Das Fell der Welpen musste mit bestimmten Blumen- und Kräutersäften gewaschen werden. Sogar das Gras, auf dem sie spielten, musste mit meinem Duft gereinigt werden, um böse Geister abzuwehren.

Und was bekam ich dafür? Ethans unverhohlene, sanfte Witterung für Isabella.

Die völlige Abhängigkeit der Welpen von dem süßen Omega-Duft der „Tante Isabella“.

Meinen einsamen Tod mit zweiundsechzig in einer Vollmondnacht, wie sich meine Wölfinseele auflöste.

„Aria.“ Seine Stimme wurde kalt, trug die Warnung eines Alphas in sich. „Wenn du ein Problem hast, dann löse es auf die Weise der Werwölfin. Benimm dich nicht wie ein unreifer Welpe, der einen Wutanfall bekommt.“

Ich zog die Lippen zu einem sarkastischen Lächeln hoch. „Ich bekomme keinen Wutanfall. Ich will nur... mich ausruhen.“

Bevor ich den Satz beenden konnte, wurde die Tür heftig aufgerissen.

Mason und Maya stürmten herein, ihre kleinen Gesichter voller Wut auf mich.

„Mama ist zu faul!“ kreischte Maya, ihre Stimme war fast ein Heulen. „Wir wollen, dass Tante Isabella sich um uns kümmert! Ihr Duft ist der angenehmste!“

Mason fiel ein: „Tante Isabella ist netter als du, stärker als du, millionenfach besser als du! Sie ist die wahre Luna unseres Rudels!“

Ethans Augen blieben auf meinem Gesicht haften, als wartete er darauf, dass ich nachgab, meinen beruhigenden Omega-Duft wieder freizusetzen.

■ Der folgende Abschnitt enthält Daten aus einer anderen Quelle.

(* Let $A\subset\mathbb{C}^n$ be a set-germ at $0$ with $0\in\overline{A}$. Then $A$ satisfies condition (CSSP) if and only if $A$ satisfies condition (SSP) and $S^1D(A)=D(A)$, where $S^1=\{e^{i\theta}:\theta\in\mathbb{R}\}$. Consequently, if $A$ satisfies condition (SSP), then both $S^1A$ and $\mathbb{C}A$ satisfy condition (CSSP).
   Context: Identify $\mathbb{C}^n$ with $\mathbb{R}^{2n}$. For a set-germ $A$ at $0$ with $0\in\overline A$, $D(A)=\{a\in S^{2n-1}:\exists\, x_i\in A\setminus\{0\},\ x_i\to0,\ x_i/\|x_i\|\to a\}$, and the complex tangent cone is $LD^*(A)=\{v\in\mathbb{C}^n:\exists\, c_i\in\mathbb{C},\ \exists\, v_i\in A\setminus\{0\},\ v_i\to0,\ c_iv_i\to v\}$. For sequences, $\|u_m\|\ll\|v_m\|,\|w_m\|$ means $\|u_m\|/\|v_m\|\to0$ and $\|u_m\|/\|w_m\|\to0$. $A$ satisfies condition (SSP) if for every sequence $a_m\to0$ with $\lim a_m/\|a_m\|\in D(A)$ there is a sequence $b_m\in A$ with $\|a_m-b_m\|\ll\|a_m\|,\|b_m\|$. $A$ satisfies condition (CSSP) if for every sequence $a_m\in\mathbb{C}^n$ tending to $0$ with $\lim a_m/\|a_m\|\in LD^*(A)$ there is a sequence $b_m\in A$ with $\|a_m-b_m\|\ll\|a_m\|,\|b_m\|$. Here $S^1D(A)=\{ca: c\in S^1, a\in D(A)\}$, $S^1A=\{ca:c\in S^1,a\in A\}$, $\mathbb{C}A=\{ca:c\in\mathbb{C},a\in A\}$. *)

theory Defs
  imports "HOL-Analysis.Analysis"
begin

text \<open>We identify \<open>\<complex>^n\<close> with \<open>\<real>^{2n}\<close>: the norm on \<open>complex^'n\<close> is the Euclidean one.
  A set-germ at 0 is represented by a set (all notions below only depend on the germ).\<close>

definition D :: "(complex^'n) set \<Rightarrow> (complex^'n) set" where
  "D A = {a \<in> sphere 0 1. \<exists>x::nat \<Rightarrow> complex^'n.
            (\<forall>i. x i \<in> A - {0}) \<and> x \<longlonglongrightarrow> 0 \<and>
            (\<lambda>i. (1 / norm (x i)) *\<^sub>R x i) \<longlonglongrightarrow> a}"

definition LDstar :: "(complex^'n) set \<Rightarrow> (complex^'n) set" where
  "LDstar A = {v. \<exists>(c::nat \<Rightarrow> complex) (w::nat \<Rightarrow> complex^'n).
            (\<forall>i. w i \<in> A - {0}) \<and> w \<longlonglongrightarrow> 0 \<and>
            (\<lambda>i. c i *s w i) \<longlonglongrightarrow> v}"

definition much_less :: "(nat \<Rightarrow> 'a::real_normed_vector) \<Rightarrow> (nat \<Rightarrow> 'b::real_normed_vector)
    \<Rightarrow> (nat \<Rightarrow> 'c::real_normed_vector) \<Rightarrow> bool" where
  "much_less u v w \<longleftrightarrow> (\<lambda>m. norm (u m) / norm (v m)) \<longlonglongrightarrow> 0 \<and>
                        (\<lambda>m. norm (u m) / norm (w m)) \<longlonglongrightarrow> 0"

text \<open>The sequences \<open>a_m\<close> are taken nonzero (implicit in \<open>a_m/\<parallel>a_m\<parallel>\<close>).\<close>
definition SSP :: "(complex^'n) set \<Rightarrow> bool" where
  "SSP A \<longleftrightarrow> (\<forall>a::nat \<Rightarrow> complex^'n. (\<forall>m. a m \<noteq> 0) \<and> a \<longlonglongrightarrow> 0 \<and>
      (\<exists>l. (\<lambda>m. (1 / norm (a m)) *\<^sub>R a m) \<longlonglongrightarrow> l \<and> l \<in> D A) \<longrightarrow>
      (\<exists>b. (\<forall>m. b m \<in> A) \<and> much_less (\<lambda>m. a m - b m) a b))"

definition CSSP :: "(complex^'n) set \<Rightarrow> bool" where
  "CSSP A \<longleftrightarrow> (\<forall>a::nat \<Rightarrow> complex^'n. (\<forall>m. a m \<noteq> 0) \<and> a \<longlonglongrightarrow> 0 \<and>
      (\<exists>l. (\<lambda>m. (1 / norm (a m)) *\<^sub>R a m) \<longlonglongrightarrow> l \<and> l \<in> LDstar A) \<longrightarrow>
      (\<exists>b. (\<forall>m. b m \<in> A) \<and> much_less (\<lambda>m. a m - b m) a b))"

definition S1_mult :: "(complex^'n) set \<Rightarrow> (complex^'n) set" where
  "S1_mult A = {c *s a | c a. cmod c = 1 \<and> a \<in> A}"

definition C_mult :: "(complex^'n) set \<Rightarrow> (complex^'n) set" where
  "C_mult A = {c *s a | c a. a \<in> A}"

end

theory Submission
  imports Defs
begin

(* Every limiting direction is a unit vector, and normalising the complex scalars c_i in the
   definition of LD*(A) shows that the unit vectors of LD*(A) are exactly the rotations of the
   directions in D(A).  Hence (CSSP) is (SSP) asked for all directions in S^1 D(A), which gives
   the "if" part.  Conversely, applying (CSSP) to the ray v/(m+1) towards some v in S^1 D(A)
   yields points of A whose directions tend to v, so v lies in D(A).
   For S^1 A, the rotation carrying a limiting direction of S^1 A into D(A) transports the
   approximating sequence from A; for the cone C A, LD*(C A) lies in the closure of C A, and
   rescaling points of C A near the limiting direction to the norms of a_m approximates a_m. *)

lemma inverse_norm_scaleR_eq_sgn: "(1 / norm x) *\<^sub>R x = sgn (x::'a::real_normed_vector)"
  by (simp add: sgn_div_norm divide_inverse_commute)

lemma norm_vector_smult: "norm (c *s (x::complex^'n)) = cmod c * norm x"
  unfolding norm_vec_def by (simp add: norm_mult L2_set_right_distrib)

lemma scaleR_eq_vector_smult: "r *\<^sub>R (x::complex^'n) = complex_of_real r *s x"
  by (simp add: vec_eq_iff del: scaleR_conv_of_real) (simp add: scaleR_conv_of_real)

lemma sgn_vector_smult: "sgn (c *s x) = sgn c *s sgn (x::complex^'n)"
  by (simp add: sgn_div_norm norm_vector_smult scaleR_eq_vector_smult vector_smult_assoc
      complex_sgn_def divide_inverse mult_ac scaleR_conv_of_real)

lemma tendsto_vector_smult:
  fixes f :: "nat \<Rightarrow> complex" and g :: "nat \<Rightarrow> complex^'n"
  assumes "f \<longlonglongrightarrow> c" "g \<longlonglongrightarrow> x"
  shows "(\<lambda>i. f i *s g i) \<longlonglongrightarrow> c *s x"
  by (rule vec_tendstoI) (simp add: assms tendsto_mult tendsto_vec_nth)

Doch ich atmete nur tief ein und sagte leise: „Wenn ihr doch meint, sie sei so großartig, dann holt sie doch ins Haupthaus. Ich habe nichts dagegen.“

Die Luft erstarrte augenblicklich.

Sogar das Mondlicht schien stehen zu bleiben.

Ethans Gesicht verdunkelte sich vollständig.

Der Druck des Alphas war fast erstickend.

„Bist du dir sicher?“, fragte er, ein Wort nach dem anderen, ein Sturm, der sich in seinen goldenen Wolfaugen zusammenbraute.

Ich kämpfte gegen den Druck an und atmete schwer, aber entschlossen, tief ein. „Absolut sicher.“

„Vater, lass uns gehen!“ Maya zupfte ungeduldig an Ethans Kleidung. „Ich will, dass Tante Isabella sofort herkommt! Bei ihr ist es zu eng!“

„Mit Tante Isabella brauchen wir dich nicht!“ Mason zog eine knurrende Grimasse. „Du kannst gehen! Verlass dieses Rudel! Unser Rudel hat keine Verwendung für ein wertloses Omega!“

Ethan warf mir einen letzten Blick zu.

Als er sah, dass ich noch immer ungerührt war, nicht einmal mit der Wimper zuckte, drehte er sich endlich um und schritt mit den beiden jubelnden Welpen davon.

Ich stand da, lauschte ihren davon eilenden Schritten und den aufgeregten Jaulern der Welpen und schloss sanft die Augen.

Bald würde ich ihnen geben, was sie sich wünschten.

Ich würde sie vollständig verlassen, dieses Rudel verlassen, diese erstickende Gefährtenbindung.